You're one of the rare people who gets this. It's amazing how many people talk about Tesla's dream of wireless power distribution, who don't seem to realize he was trying to send it through the ground.
originally posted by: Phage
a reply to: vonclod
He thought he was transmitting electricity through the ground for his primary notion.
I have no idea what Tesla'a mechanism was going to be.
originally posted by: Grenade
a reply to: vonclod
I think the OP is referring to a Wardenclyffe tower and wireless transmission of electricity rather than arcing coils.
originally posted by: Phage
a reply to: vonclod
He thought he was transmitting electricity through the ground for his primary notion. He didn't really understand electromagnetic radiation.
I have no idea what Tesla'a mechanism was going to be.
He did speculate about a system which would use balloons to raise antennas to a high enough altitude where the atmosphere would be able to conduct electricity (as I recall he figured 30,000 feet would do it). But that would still have entailed a tremendous loss of power, just as his ground transmission notion did.
None of this has anything to do with "free energy", btw. His systems would have employed metering at the receiver sites.
originally posted by: Phage
a reply to: vonclod
I played around with a little carbon arc rig (carbon rods from D cell batteries) when I was in 6th grade (I think it was). It produced a lot of O3 (love the smell). But it also fried my eyeballs. Woke up in the morning with my eyes feeling like they were full of sand.
Sort of a wonder I didn't burn the house down.
originally posted by: Night Star
Yes It's me Night Star here in the science and technology forum. I'm actually asking a question for Hubby.

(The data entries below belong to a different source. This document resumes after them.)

text \<open>The library's integration by parts needs \<open>F\<close> differentiable everywhere; here \<open>F\<close> is only
  an indefinite integral, so the proof goes through Fubini.\<close>

lemma set_integral_by_parts_indefinite:
  fixes g F \<phi> \<phi>' :: "real \<Rightarrow> real"
  assumes "a \<le> b" and g: "set_integrable lborel {a..b} g"
    and F: "\<And>s. s \<in> {a..b} \<Longrightarrow> F s = F a + (LINT t:{a..s}|lborel. g t)"
    and \<phi>: "\<And>t. t \<in> {a..b} \<Longrightarrow> (\<phi> has_real_derivative \<phi>' t) (at t)"
    and \<phi>': "continuous_on {a..b} \<phi>'"
  shows "(LINT t:{a..b}|lborel. g t * \<phi> t) = F b * \<phi> b - F a * \<phi> a - (LINT t:{a..b}|lborel. F t * \<phi>' t)"
proof -
  define G where "G s = (LINT t:{a..s}|lborel. g t)" for s
  have G_cont: "continuous_on {a..b} G"
    unfolding G_def by (rule continuous_on_set_integral_Icc[OF g])
  have \<phi>_cont: "continuous_on {a..b} \<phi>"
    using \<phi> by (intro continuous_at_imp_continuous_on) (blast intro: DERIV_isCont)
  have "(LINT t:{a..b}|lborel. F t * \<phi>' t) = (LINT t:{a..b}|lborel. F a * \<phi>' t + \<phi>' t * G t)"
  proof (intro set_lebesgue_integral_cong ballI allI impI)
    fix t assume "t \<in> {a..b}"
    then show "F t * \<phi>' t = F a * \<phi>' t + \<phi>' t * G t"
      using F[of t] by (simp add: G_def algebra_simps)
  qed simp
  also have "\<dots> = F a * (\<phi> b - \<phi> a) + (LINT t:{a..b}|lborel. \<phi>' t * G t)"
    using set_integral_FTC_Icc[OF \<open>a \<le> b\<close> \<phi> \<phi>']
      borel_integrable_atLeastAtMost'[OF \<phi>'] borel_integrable_atLeastAtMost'[OF continuous_on_mult[OF \<phi>' G_cont]]
    by simp
  also have "(LINT t:{a..b}|lborel. \<phi>' t * G t) = (LINT t:{a..b}|lborel. g t * (\<phi> b - \<phi> t))"
  proof -
    have "(LINT s:{t..b}|lborel. \<phi>' s) = \<phi> b - \<phi> t" if "t \<in> {a..b}" for t
      by (rule set_integral_FTC_Icc) (use that \<phi> in \<open>auto intro: continuous_on_subset[OF \<phi>']\<close>)
    then show ?thesis
      unfolding G_def set_integral_indefinite_integral_swap[OF g \<phi>']
      by (intro set_lebesgue_integral_cong) auto
  qed
  also have "(LINT t:{a..b}|lborel. g t * (\<phi> b - \<phi> t)) = \<phi> b * (F b - F a) - (LINT t:{a..b}|lborel. g t * \<phi> t)"
  proof -
    have "(LINT t:{a..b}|lborel. g t) = F b - F a" using F[of b] \<open>a \<le> b\<close> by simp
    then show ?thesis using set_integrable_mult_continuous_on[OF g \<phi>_cont] g
      by (simp add: right_diff_distrib mult.commute)
  qed
  finally show ?thesis by (simp add: algebra_simps)
qed

section \<open>Weak derivatives and the inner product\<close>

lemma weak_deriv_H1_set_integrable:
  assumes "weak_deriv_H1 L f f'"
  shows "set_integrable lborel {-L..L} f'"
  using assms set_integrable_Icc_if_square_integrable unfolding weak_deriv_H1_def by blast

lemma weak_deriv_H1_continuous_on:
  assumes wd: "weak_deriv_H1 L f f'"
  shows "continuous_on {-L..L} f"
proof -
  have "continuous_on {-L..L} (\<lambda>x. f (-L) + (LINT t:{-L..x}|lborel. f' t))"
    by (intro continuous_intros continuous_on_set_integral_Icc weak_deriv_H1_set_integrable[OF wd])
  moreover have "f x = f (-L) + (LINT t:{-L..x}|lborel. f' t)" if "x \<in> {-L..L}" for x
    using wd that unfolding weak_deriv_H1_def by blast
  ultimately show ?thesis by (metis (no_types, lifting) continuous_on_eq)
qed

lemma weak_deriv_H1_eq_integral_from:
  assumes wd: "weak_deriv_H1 L f f'" and "-L \<le> a" "a \<le> s" "s \<le> L"
  shows "f s = f a + (LINT t:{a..s}|lborel. f' t)"
proof -
  have f': "set_integrable lborel {-L..L} f'" using weak_deriv_H1_set_integrable[OF wd] .
  have "(LINT t:{-L..s}|lborel. f' t) = (LINT t:{-L..a}|lborel. f' t) + (LINT t:{a..s}|lborel. f' t)"
    by (rule set_integral_Icc_piecewise(2)) (use assms in \<open>auto intro: set_integrable_subset[OF f']\<close>)
  moreover have "f x = f (-L) + (LINT t:{-L..x}|lborel. f' t)" if "x \<in> {-L..L}" for x
    using wd that unfolding weak_deriv_H1_def by blast
  ultimately show ?thesis using assms by (metis (no_types) add.assoc atLeastAtMost_iff order.trans)
qed

lemma weak_deriv_H1_diff:
  assumes wd1: "weak_deriv_H1 L f1 g1" and wd2: "weak_deriv_H1 L f2 g2"
  shows "weak_deriv_H1 L (\<lambda>t. f1 t - f2 t) (\<lambda>t. g1 t - g2 t)"
  unfolding weak_deriv_H1_def
proof (intro conjI ballI)
  show m: "set_borel_measurable lborel {-L..L} (\<lambda>t. g1 t - g2 t)"
    using wd1 wd2 unfolding weak_deriv_H1_def by (blast intro: set_borel_measurable_diff)
  show "set_integrable lborel {-L..L} (\<lambda>t. (g1 t - g2 t)^2)"
  proof (rule set_integrable_bound[where f="\<lambda>t. 2 * (g1 t)^2 + 2 * (g2 t)^2"])
    show "set_integrable lborel {-L..L} (\<lambda>t. 2 * (g1 t)^2 + 2 * (g2 t)^2)"
      using wd1 wd2 unfolding weak_deriv_H1_def by simp
    show "set_borel_measurable lborel {-L..L} (\<lambda>t. (g1 t - g2 t)^2)"
      using set_borel_measurable_mult[OF m m] by (simp add: power2_eq_square)
    have "(y - z)^2 \<le> 2 * y^2 + 2 * z^2" for y z :: real
      using zero_le_power2[of "y + z"] by (simp add: power2_diff power2_sum)
    then show "AE t in lborel. t \<in> {-L..L} \<longrightarrow> norm ((g1 t - g2 t)^2) \<le> norm (2 * (g1 t)^2 + 2 * (g2 t)^2)"
      by (intro AE_I2) simp
  qed
  fix s assume s: "s \<in> {-L..L}"
  have "set_integrable lborel {-L..s} g1" "set_integrable lborel {-L..s} g2"
    using s weak_deriv_H1_set_integrable[OF wd1] weak_deriv_H1_set_integrable[OF wd2]
    by (auto intro: set_integrable_subset)
  moreover have "f1 s = f1 (-L) + (LINT t:{-L..s}|lborel. g1 t)" "f2 s = f2 (-L) + (LINT t:{-L..s}|lborel. g2 t)"
    using wd1 wd2 s unfolding weak_deriv_H1_def by blast+
  ultimately show "f1 s - f2 s = f1 (-L) - f2 (-L) + (LINT t:{-L..s}|lborel. g1 t - g2 t)"
    by simp
qed

lemma weak_deriv_H1_piecewise:
  fixes A B A' B' K :: "real \<Rightarrow> real"
  assumes x: "x \<in> {-L..L}"
    and A: "\<And>t. (A has_real_derivative A' t) (at t)" and B: "\<And>t. (B has_real_derivative B' t) (at t)"
    and A': "continuous_on UNIV A'" and B': "continuous_on UNIV B'"
    and KA: "\<And>t. t \<le> x \<Longrightarrow> K t = A t" and KB: "\<And>t. x \<le> t \<Longrightarrow> K t = B t"
  shows "weak_deriv_H1 L K (\<lambda>t. if t \<le> x then A' t else B' t)"
  unfolding weak_deriv_H1_def
proof (intro conjI ballI)
  have [measurable]: "A' \<in> borel_measurable borel" "B' \<in> borel_measurable borel"
    using A' B' by (auto intro: borel_measurable_continuous_onI)
  show m: "set_borel_measurable lborel {-L..L} (\<lambda>t. if t \<le> x then A' t else B' t)"
    unfolding set_borel_measurable_def by measurable
  show "set_integrable lborel {-L..L} (\<lambda>t. (if t \<le> x then A' t else B' t)^2)"
  proof (rule set_integrable_bound[where f="\<lambda>t. (A' t)^2 + (B' t)^2"])
    show "set_integrable lborel {-L..L} (\<lambda>t. (A' t)^2 + (B' t)^2)"
      by (intro borel_integrable_atLeastAtMost' continuous_intros continuous_on_subset[OF A']
          continuous_on_subset[OF B']) auto
    show "set_borel_measurable lborel {-L..L} (\<lambda>t. (if t \<le> x then A' t else B' t)^2)"
      using set_borel_measurable_mult[OF m m] by (simp add: power2_eq_square)
  qed (auto intro!: AE_I2)
  have FTC: "(LINT t:{a..b}|lborel. F' t) = F b - F a"
    if "a \<le> b" "\<And>t. (F has_real_derivative F' t) (at t)" "continuous_on UNIV F'" for a b F F'
    using that by (intro set_integral_FTC_Icc) (auto intro: continuous_on_subset)
  fix y assume y: "y \<in> {-L..L}"
  show "K y = K (-L) + (LINT t:{-L..y}|lborel. if t \<le> x then A' t else B' t)"
  proof (cases "y \<le> x")
    case True
    have "(LINT t:{-L..y}|lborel. if t \<le> x then A' t else B' t) = (LINT t:{-L..y}|lborel. A' t)"
      by (rule set_lebesgue_integral_cong) (use True in auto)
    then show ?thesis using True x y FTC[OF _ A A', of "-L" y] KA[of y] KA[of "-L"] by simp
  next
    case False
    have "(LINT t:{-L..y}|lborel. if t \<le> x then A' t else B' t)
        = (LINT t:{-L..x}|lborel. A' t) + (LINT t:{x..y}|lborel. B' t)"
      using x y False
      by (intro set_integral_Icc_piecewise(2) borel_integrable_atLeastAtMost'
          continuous_on_subset[OF A'] continuous_on_subset[OF B']) auto
    then show ?thesis
      using False x y FTC[OF _ A A', of "-L" x] FTC[OF _ B B', of x y] KA[of x] KB[of x] KA[of "-L"] KB[of y]
      by simp
  qed
qed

He would like to know, that if Tesla was to accomplish his goal of free electricity for the world, would he change the world's atmosphere?
Hubby says he is pretty sure that high voltage electricity makes ozone. Mankind can't breathe ozone, so how would Tesla's coil work?
originally posted by: Night Star
Oh, he wants to know how many tesla coils woud it take to generate enough electricity to cover the world? And...can it supply high voltage enough to supply heavy machinery with thousands of volts? If it's capable to do this, what would it do to the eco system such as birds and small animals as well as people and the atmosphere?
originally posted by: Phage
a reply to: rounda
A Tesla coil does not store energy, kinetic or otherwise.
It is a high frequency oscillator which transforms low frequency, low voltage, high current electricity (not kinetic energy) to high frequency, low current, high voltage electricity.
Electricity is not the same thing as electromagnetic energy.
That’s what the resonant transformer part of the circuit is for.
originally posted by: Phage
a reply to: rounda
That’s what the resonant transformer part of the circuit is for.
Yes. I know. But it doesn't store anything. Not kinetic energy, not electromagnetic energy.